Git is non-negotiable. Let's learn it.
Setup
# Check if Git is installed
git --version
# Install on Windows: https://git-scm.com
# Install on Mac: brew install git
# Install on Linux: sudo apt install git
# Configure your identity (required before first commit)
git config --global user.name "Your Name"
git config --global user.email "you@example.com"
# Set VS Code as your default editor
git config --global core.editor "code --wait"
# Make 'main' the default branch name (modern standard)
git config --global init.defaultBranch main
The Core Concepts
Working Directory -> Staging Area -> Repository
(your files) (git add) (git commit)
- Working directory — the files on your disk
- Staging area — a holding area where you prepare what goes into the next commit
- Repository — the permanent history of all commits
Think of it like packing a box (staging area) before sealing and labelling it (committing).
Starting a Repository
# Create a new project
mkdir my-project
cd my-project
git init # creates a hidden .git/ folder
# OR clone an existing repository from GitHub
git clone https://github.com/username/repo-name.git
cd repo-name
The Basic Workflow
# 1. See what's changed
git status
# 2. Stage changes (prepare for commit)
git add filename.py # add one file
git add src/ # add a directory
git add . # add everything (use carefully)
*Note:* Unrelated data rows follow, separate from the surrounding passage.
(* Let $d>1$ and let $S$ be a collection of at most $d$ simplices over $[n]$, each of dimension at most $d$. Then all $d$-faces and all $(d-1)$-faces of $K(S)$ can be eliminated by a sequence of elementary $(d-1)$- and $(d-2)$-collapses (starting from $K(S)$).
   Context: A $d$-simplex is a subset of $[n]$ of size $d+1$; a simplicial complex is a family of simplices closed under taking subsets. For a set $S$ of simplices, $K(S)$ is the complex of all subsets of members of $S$. In a simplicial complex $K$, an $i$-face $\zeta$ is exposed if it is contained in exactly one $(i+1)$-face $\tau$ of $K$ (such $\tau$ is then necessarily a maximal face). An elementary $i$-collapse is the removal of such a pair $\zeta,\tau$ from $K$; the result is again a simplicial complex. *)

theory Defs
  imports Main
begin

text \<open>Simplices over [n] are finite nonempty subsets of {1..n}; a d-simplex has card d+1.\<close>

definition gen_complex :: "nat set set \<Rightarrow> nat set set" where
  "gen_complex S = {\<tau>. \<exists>\<sigma>\<in>S. \<tau> \<subseteq> \<sigma>}"

definition exposed :: "nat set set \<Rightarrow> nat \<Rightarrow> nat set \<Rightarrow> bool" where
  "exposed K i \<zeta> \<longleftrightarrow> \<zeta> \<in> K \<and> card \<zeta> = i + 1 \<and>
     (\<exists>!\<tau>. \<tau> \<in> K \<and> card \<tau> = i + 2 \<and> \<zeta> \<subseteq> \<tau>)"

definition elem_collapse :: "nat \<Rightarrow> nat set set \<Rightarrow> nat set set \<Rightarrow> bool" where
  "elem_collapse i K K' \<longleftrightarrow> (\<exists>\<zeta> \<tau>. exposed K i \<zeta> \<and> \<tau> \<in> K \<and> card \<tau> = i + 2 \<and>
     \<zeta> \<subseteq> \<tau> \<and> K' = K - {\<zeta>, \<tau>})"

end

theory Submission
  imports Defs
begin

text \<open>Remove the generators of \<open>K(S)\<close> one at a time, keeping the invariant that the current
  complex has, in cardinality \<open>\<ge> d\<close>, exactly the faces of \<open>K(T)\<close>, \<open>T\<close> the remaining generators,
  and still contains all faces of \<open>K(T)\<close> of cardinality \<open>d - 1\<close>.
  The counting principle: if \<open>A \<subseteq> \<sigma>\<close> is minimal with \<open>\<sigma> - A\<close> covered by \<open>T\<close>, then \<open>A = \<sigma> - \<sigma>'\<close>
  for some \<open>\<sigma>' \<in> T\<close>, so there are at most \<open>|T| < d\<close> such sets. Hence an uncovered generator
  \<open>\<sigma>\<close> with at least \<open>d\<close> vertices has a free vertex \<open>v\<close>, i.e. \<open>\<sigma> - {v}\<close> is uncovered, and a
  \<open>(d-1)\<close>-simplex \<open>\<sigma>\<close> is removed together with such a facet by a \<open>(d-2)\<close>-collapse. For a
  \<open>d\<close>-simplex, a \<open>(d-1)\<close>-collapse removes \<open>\<sigma>\<close> with one free facet; each remaining free facet
  \<open>\<sigma> - {p}\<close> is then removed by a \<open>(d-2)\<close>-collapse through an uncovered ridge \<open>\<sigma> - {p, q}\<close>, where
  \<open>q\<close> is a free vertex whose facet is already gone, and such a ridge exists by a finer count.\<close>

definition top_collapse :: "nat \<Rightarrow> nat set set \<Rightarrow> nat set set \<Rightarrow> bool" where
  "top_collapse d K K' \<longleftrightarrow> elem_collapse (d - 1) K K' \<or> elem_collapse (d - 2) K K'"

definition upper_faces :: "nat \<Rightarrow> nat set set \<Rightarrow> nat set set" where
  "upper_faces d K = {\<tau> \<in> K. d \<le> card \<tau>}"

definition free_vertices :: "nat set set \<Rightarrow> nat set \<Rightarrow> nat set" where
  "free_vertices T \<sigma> = {v \<in> \<sigma>. \<sigma> - {v} \<notin> gen_complex T}"

text \<open>The invariant of the collapsing process: \<open>T\<close> are the generators still present and \<open>E\<close>
  the faces of cardinality at least \<open>d\<close> of the generator being removed that remain to be collapsed.\<close>
definition agrees_above :: "nat \<Rightarrow> nat set set \<Rightarrow> nat set set \<Rightarrow> nat set set \<Rightarrow> bool" where
  "agrees_above d T E K \<longleftrightarrow> upper_faces d K = upper_faces d (gen_complex T) \<union> E
     \<and> {\<rho> \<in> gen_complex T. card \<rho> + 1 = d} \<subseteq> K"

lemma upper_faces_Diff [simp]: "upper_faces d (K - X) = upper_faces d K - X"
  by (auto simp: upper_faces_def)

lemma gen_complex_subset_closed: "\<tau> \<in> gen_complex T \<Longrightarrow> \<rho> \<subseteq> \<tau> \<Longrightarrow> \<rho> \<in> gen_complex T"
  by (auto simp: gen_complex_def)

lemma gen_complex_insert: "gen_complex (insert \<sigma> T) = Pow \<sigma> \<union> gen_complex T"
  by (auto simp: gen_complex_def)

lemma card_Diff_doubleton:
  assumes "finite \<sigma>" "q \<in> \<sigma>" "q \<noteq> p"
  shows "card (\<sigma> - {p, q}) + 1 = card (\<sigma> - {p})"
  unfolding Diff_insert2[of \<sigma> p "{q}"] using assms card_Suc_Diff1[of "\<sigma> - {p}" q] by simp

lemma elem_collapseI:
  assumes "\<zeta> \<in> K" "card \<zeta> = i + 1" "\<tau> \<in> K" "card \<tau> = i + 2" "\<zeta> \<subseteq> \<tau>"
    and "\<And>\<tau>'. \<tau>' \<in> K \<Longrightarrow> card \<tau>' = i + 2 \<Longrightarrow> \<zeta> \<subseteq> \<tau>' \<Longrightarrow> \<tau>' = \<tau>"
  shows "elem_collapse i K (K - {\<zeta>, \<tau>})"
proof -
  have "\<exists>!\<tau>'. \<tau>' \<in> K \<and> card \<tau>' = i + 2 \<and> \<zeta> \<subseteq> \<tau>'"
    using assms(3-6) by blast
  then have "exposed K i \<zeta>"
    unfolding exposed_def using assms(1,2) by blast
  then show ?thesis
    unfolding elem_collapse_def using assms(3-5) by blast
qed

lemma minimal_removal_in_image:
  assumes "A \<subseteq> \<sigma>" "\<sigma> - A \<in> gen_complex T" "\<forall>x\<in>A. \<sigma> - (A - {x}) \<notin> gen_complex T"
  shows "A \<in> (\<lambda>\<sigma>'. \<sigma> - \<sigma>') ` T"
proof -
  obtain \<sigma>' where \<sigma>': "\<sigma>' \<in> T" "\<sigma> - A \<subseteq> \<sigma>'"
    using assms(2) by (auto simp: gen_complex_def)
  have "A \<subseteq> \<sigma> - \<sigma>'"
  proof
    fix x assume "x \<in> A"
    show "x \<in> \<sigma> - \<sigma>'"
    proof (rule ccontr)
      assume "x \<notin> \<sigma> - \<sigma>'"
      then have "\<sigma> - (A - {x}) \<subseteq> \<sigma>'"
        using \<sigma>'(2) by blast
      then show False
        using \<sigma>'(1) assms(3) \<open>x \<in> A\<close> by (auto simp: gen_complex_def)
    qed
  qed
  then have "A = \<sigma> - \<sigma>'"
    using \<sigma>'(2) by blast
  then show ?thesis
    using \<sigma>'(1) by blast
qed

lemma card_le_if_minimal_removals:
  assumes "finite T" "\<A> \<subseteq> Pow \<sigma>"
    and "\<And>A. A \<in> \<A> \<Longrightarrow> \<sigma> - A \<in> gen_complex T \<and> (\<forall>x\<in>A. \<sigma> - (A - {x}) \<notin> gen_complex T)"
  shows "card \<A> \<le> card T"
proof -
  have "\<A> \<subseteq> (\<lambda>\<sigma>'. \<sigma> - \<sigma>') ` T"
  proof
    fix A assume "A \<in> \<A>"
    with assms(2,3) show "A \<in> (\<lambda>\<sigma>'. \<sigma> - \<sigma>') ` T"
      by (intro minimal_removal_in_image) auto
  qed
  then have "card \<A> \<le> card ((\<lambda>\<sigma>'. \<sigma> - \<sigma>') ` T)"
    using assms(1) by (simp add: card_mono)
  also have "\<dots> \<le> card T"
    using assms(1) by (rule card_image_le)
  finally show ?thesis .
qed

lemma exists_free_vertex:
  assumes "finite T" "\<sigma> \<notin> gen_complex T" "card T < card \<sigma>"
  shows "free_vertices T \<sigma> \<noteq> {}"
proof
  assume "free_vertices T \<sigma> = {}"
  then have "card ((\<lambda>v. {v}) ` \<sigma>) \<le> card T"
    using assms(2) by (intro card_le_if_minimal_removals[OF assms(1)]) (auto simp: free_vertices_def)
  then show False
    using assms(3) by (simp add: card_image)
qed

lemma inj_on_doubleton_Times: "F \<inter> R = {} \<Longrightarrow> inj_on (\<lambda>(p, q). {p, q}) (F \<times> R)"
  by (auto simp: inj_on_def doubleton_eq_iff)

text \<open>The vertex sets \<open>{v}\<close>, \<open>v\<close> not free, and \<open>{p, q}\<close>, \<open>p \<in> F\<close>, \<open>q\<close> free but not in \<open>F\<close>,
  would all be minimal with \<open>\<sigma> - A\<close> covered, giving \<open>card T \<ge> card \<sigma> - card P + card F * card (P - F) \<ge>
  card \<sigma> - 1\<close> for \<open>P\<close> the free vertices.\<close>
lemma exists_free_ridge:
  assumes "finite T" "finite \<sigma>" "\<sigma> \<notin> gen_complex T" "card T + 2 \<le> card \<sigma>"
    and F: "F \<subseteq> free_vertices T \<sigma>" "F \<noteq> {}" "free_vertices T \<sigma> - F \<noteq> {}"
  shows "\<exists>p\<in>F. \<exists>q\<in>free_vertices T \<sigma> - F. \<sigma> - {p, q} \<notin> gen_complex T"
proof (rule ccontr)
  assume covered: "\<not> ?thesis"
  define P where "P = free_vertices T \<sigma>"
  define R where "R = P - F"
  define \<A> where "\<A> = (\<lambda>v. {v}) ` (\<sigma> - P) \<union> (\<lambda>(p, q). {p, q}) ` (F \<times> R)"
  have "P \<subseteq> \<sigma>" "F \<subseteq> P" "F \<inter> R = {}"
    using F(1) by (auto simp: P_def R_def free_vertices_def)
  have fin: "finite P" "finite F" "finite R"
    using finite_subset[OF \<open>P \<subseteq> \<sigma>\<close> assms(2)] finite_subset[OF \<open>F \<subseteq> P\<close>]
    by (simp_all add: R_def)
  have "card \<A> \<le> card T"
  proof (rule card_le_if_minimal_removals[OF assms(1)])
    show "\<A> \<subseteq> Pow \<sigma>"
      using \<open>P \<subseteq> \<sigma>\<close> \<open>F \<subseteq> P\<close> by (auto simp: \<A>_def R_def)
    fix A assume "A \<in> \<A>"
    then consider (vertex) v where "v \<in> \<sigma> - P" "A = {v}"
      | (ridge) p q where "p \<in> F" "q \<in> R" "A = {p, q}"
      unfolding \<A>_def by auto
    then show "\<sigma> - A \<in> gen_complex T \<and> (\<forall>x\<in>A. \<sigma> - (A - {x}) \<notin> gen_complex T)"
    proof cases
      case vertex
      then show ?thesis
        using assms(3) by (simp add: P_def free_vertices_def)
    next
      case ridge
      then have "p \<noteq> q" "p \<in> P" "q \<in> P"
        using \<open>F \<subseteq> P\<close> \<open>F \<inter> R = {}\<close> by (auto simp: R_def)
      then show ?thesis
        using covered ridge by (auto simp: P_def R_def free_vertices_def insert_Diff_if)
    qed
  qed
  moreover have "card \<A> = card (\<sigma> - P) + card F * card R"
  proof -
    have "(\<lambda>v. {v}) ` (\<sigma> - P) \<inter> (\<lambda>(p, q). {p, q}) ` (F \<times> R) = {}"
      using \<open>F \<inter> R = {}\<close> by (auto simp: doubleton_eq_iff)
    then show ?thesis
      using fin assms(2) inj_on_doubleton_Times[OF \<open>F \<inter> R = {}\<close>]
      by (simp add: \<A>_def card_Un_disjoint card_image card_cartesian_product)
  qed
  moreover have "card F + card R = card P"
    using card_mono[OF fin(1) \<open>F \<subseteq> P\<close>] fin \<open>F \<subseteq> P\<close> by (simp add: R_def card_Diff_subset)
  moreover have "card (\<sigma> - P) + card P = card \<sigma>"
    using card_mono[OF assms(2) \<open>P \<subseteq> \<sigma>\<close>] fin \<open>P \<subseteq> \<sigma>\<close> by (simp add: card_Diff_subset)
  moreover have "card F + card R \<le> card F * card R + 1"
    using F fin by (cases "card F"; cases "card R") (auto simp: R_def P_def)
  ultimately show False
    using assms(4) by linarith
qed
git add -p # interactive: stage chunks, not whole files
# 3. Commit the staged changes
git commit -m "feat: add user authentication"
# 4. See the history
git log # full log
git log --oneline # compact, one line per commit
git log --oneline --graph # visual branch graph
.gitignore — What NOT to Track
Some files should never go into Git: virtual environments, compiled files, secrets, logs.
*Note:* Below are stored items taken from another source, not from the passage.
lemma continuous_pseudometricD:
  assumes "continuous_pseudometric \<rho>"
  shows "pseudometric \<rho>" and "continuous_on UNIV (\<rho> c)"
proof -
  show "pseudometric \<rho>"
    using assms unfolding continuous_pseudometric_def pseudometric_def by blast
  have "continuous_on UNIV (\<lambda>p. \<rho> (fst p) (snd p))"
    using assms unfolding continuous_pseudometric_def by blast
  then have "continuous_on UNIV ((\<lambda>p. \<rho> (fst p) (snd p)) \<circ> Pair c)"
    by (intro continuous_on_compose continuous_intros) (auto elim: continuous_on_subset)
  then show "continuous_on UNIV (\<rho> c)" by (simp add: o_def)
qed

lemma compact_finite_net:
  fixes \<rho> :: "'x::topological_space \<Rightarrow> 'x \<Rightarrow> real"
  assumes "compact (UNIV :: 'x set)" and "\<And>c. continuous_on UNIV (\<rho> c)" and "\<And>x. \<rho> x x < e"
  obtains C where "finite C" "\<And>y. \<exists>c\<in>C. \<rho> c y < e"
proof -
  have "open {y. \<rho> c y < e}" for c
    using open_Collect_less[OF assms(2) continuous_on_const] by simp
  moreover have "UNIV \<subseteq> (\<Union>c. {y. \<rho> c y < e})" using assms(3) by blast
  ultimately obtain C where "finite C" "UNIV \<subseteq> (\<Union>c\<in>C. {y. \<rho> c y < e})"
    using compactE_image[OF assms(1)] by metis
  then show thesis using that by blast
qed

lemma elog_mono: "A \<le> B \<Longrightarrow> elog A \<le> elog B"
  unfolding elog_def by (cases A; cases B) auto

lemma elog_le_elog_add:
  assumes "A \<le> B * ereal c" and "0 < c"
  shows "elog A \<le> elog B + ereal (ln c)"
proof (cases "A \<le> 0")
  case True
  then show ?thesis by (simp add: elog_def)
next
  case False
  then have "0 < B * ereal c" using assms(1) by simp
  then have "0 < B" using \<open>0 < c\<close> by (cases B) (auto simp: zero_less_mult_iff)
  show ?thesis
  proof (cases "B = \<infinity>")
    case True
    then show ?thesis by (simp add: elog_def)
  next
    case False
    then obtain b where b: "B = ereal b" "0 < b" using \<open>0 < B\<close> by (cases B) auto
    then obtain a where a: "A = ereal a" "0 < a" "a \<le> b * c"
      using assms(1) \<open>\<not> A \<le> 0\<close> by (cases A) auto
    then have "ln a \<le> ln (b * c)" using b \<open>0 < c\<close> by simp
    also have "\<dots> = ln b + ln c" using b \<open>0 < c\<close> by (simp add: ln_mult)
    finally have "ln a \<le> ln b + ln c" .
    then show ?thesis using a b by (simp add: elog_def)
  qed
qed

lemma normalized_elog_le:
  assumes "A \<le> B * ereal (exp (\<kappa> * n))" and "0 < n"
  shows "ereal (1 / n) * elog A \<le> ereal (1 / n) * elog B + ereal \<kappa>"
proof -
  have "elog A \<le> elog B + ereal (\<kappa> * n)"
    using elog_le_elog_add[OF assms(1)] by simp
  then have "ereal (1 / n) * elog A \<le> ereal (1 / n) * (elog B + ereal (\<kappa> * n))"
    using \<open>0 < n\<close> by (intro ereal_mult_left_mono) auto
  also have "\<dots> = ereal (1 / n) * elog B + ereal \<kappa>"
    using \<open>0 < n\<close> by (simp add: ereal_distrib_left)
  finally show ?thesis .
qed

lemma Limsup_le_Limsup_add:
  fixes f g :: "'a \<Rightarrow> ereal"
  assumes "eventually (\<lambda>x. f x \<le> g x + ereal c) F"
  shows "Limsup F f \<le> Limsup F g + ereal c"
proof (cases "F = bot")
  case False
  have "Limsup F f \<le> Limsup F (\<lambda>x. g x + ereal c)" using assms by (rule Limsup_mono)
  also have "\<dots> = Limsup F g + ereal c" using False by (simp add: Limsup_add_ereal_right)
  finally show ?thesis .
qed simp

lemma INF_le_INF_add:
  fixes u v :: "'a \<Rightarrow> ereal"
  assumes "\<And>a. a \<in> A \<Longrightarrow> u a \<le> v a + ereal c"
  shows "(INF a\<in>A. u a) \<le> (INF a\<in>A. v a) + ereal c"
proof -
  have "(INF a\<in>A. u a) - ereal c \<le> (INF a\<in>A. v a)"
  proof (rule INF_greatest)
    fix a assume "a \<in> A"
    then have "(INF a\<in>A. u a) \<le> v a + ereal c" using assms by (meson INF_lower order_trans)
    then show "(INF a\<in>A. u a) - ereal c \<le> v a" by (simp add: ereal_minus_le)
  qed
  then show ?thesis by (simp add: ereal_minus_le)
qed

lemma SUP_eq_SUP_if_approx:
  fixes f g :: "'a \<Rightarrow> ereal"
  assumes "\<And>e. e \<in> E \<Longrightarrow> g e \<le> f e"
    and "\<And>e \<kappa>. e \<in> E \<Longrightarrow> 0 < \<kappa> \<Longrightarrow> \<exists>e'\<in>E. f e \<le> g e' + ereal \<kappa>"
  shows "(SUP e\<in>E. f e) = (SUP e\<in>E. g e)"
proof (rule antisym)
  show "(SUP e\<in>E. f e) \<le> (SUP e\<in>E. g e)"
  proof (rule SUP_least)
    fix e assume "e \<in> E"
    show "f e \<le> (SUP e\<in>E. g e)"
    proof (rule ereal_le_epsilon2)
      fix \<kappa> :: real assume "0 < \<kappa>"
      then obtain e' where "e' \<in> E" "f e \<le> g e' + ereal \<kappa>" using assms(2) \<open>e \<in> E\<close> by blast
      then show "f e \<le> (SUP e\<in>E. g e) + ereal \<kappa>" by (meson SUP_upper add_right_mono order_trans)
    qed
  qed
  show "(SUP e\<in>E. g e) \<le> (SUP e\<in>E. f e)" by (rule SUP_mono) (use assms(1) in blast)
qed

lemma sofic_approximationD:
  assumes "sofic_approximation I le D \<sigma>"
  shows "I \<noteq> {}" and "i \<in> I \<Longrightarrow> finite (D i)" and "i \<in> I \<Longrightarrow> D i \<noteq> {}"
proof -
  have "directed_set I le"
    using assms unfolding sofic_approximation_def by (rule conjunct1)
  then show "I \<noteq> {}" unfolding directed_set_def by (rule conjunct1)
  have "\<forall>i\<in>I. finite (D i) \<and> D i \<noteq> {}"
    using assms unfolding sofic_approximation_def by (rule conjunct1[OF conjunct2])
  then show "i \<in> I \<Longrightarrow> finite (D i)" and "i \<in> I \<Longrightarrow> D i \<noteq> {}" by simp_all
qed

lemma eventually_in_net_filter: "I \<noteq> {} \<Longrightarrow> eventually (\<lambda>i. i \<in> I) (net_filter I le)"
  unfolding net_filter_def by (auto intro: eventually_INF1 simp: eventually_principal)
Create a .gitignore in your project root:
# Python
__pycache__/
*.py[cod]
*.pyo
*.pyd
.Python
*.egg
*.egg-info/
dist/
build/
.eggs/
# Virtual environments
.venv/
venv/
env/
ENV/
# Testing
.pytest_cache/
.coverage
htmlcov/
.tox/
# Type checking
.mypy_cache/
.dmypy.json
# IDEs
.vscode/settings.json
.idea/
*.swp
*.swo
# Secrets and environment files
.env
.env.local
*.key
secrets.json
# macOS
.DS_Store
# Database files
*.db
*.sqlite3
# Logs
*.log
logs/
# Build artifacts
*.whl
*.tar.gz
GitHub provides a standard Python .gitignore at github.com/github/gitignore.
Viewing Changes
# What changed in the working directory (not yet staged)?
git diff
# What changed in the staging area (staged but not committed)?
git diff --staged
# What changed in a specific file?
git diff filename.py
# See a specific commit
git show abc1234
# See what a file looked like in a previous commit
git show HEAD~3:src/module.py
# Compare two commits
git diff abc1234 def5678
Undoing Mistakes
# Unstage a file (keep the changes in working dir)
git restore --staged filename.py
# Discard changes in working directory (PERMANENT — cannot undo)
git restore filename.py
# Undo the last commit but keep the changes staged
git reset --soft HEAD~1
# Undo the last commit and unstage the changes
git reset HEAD~1
# Create a new commit that reverses a past commit (safe for shared history)
git revert abc1234
# Stash changes temporarily (save without committing)
git stash
git stash pop # restore the stashed changes
git stash list # see all stashes
git stash drop stash@{0} # delete a stash
The golden rule: never rewrite history that has been pushed to a shared repository. Use git revert instead of git reset when working with others.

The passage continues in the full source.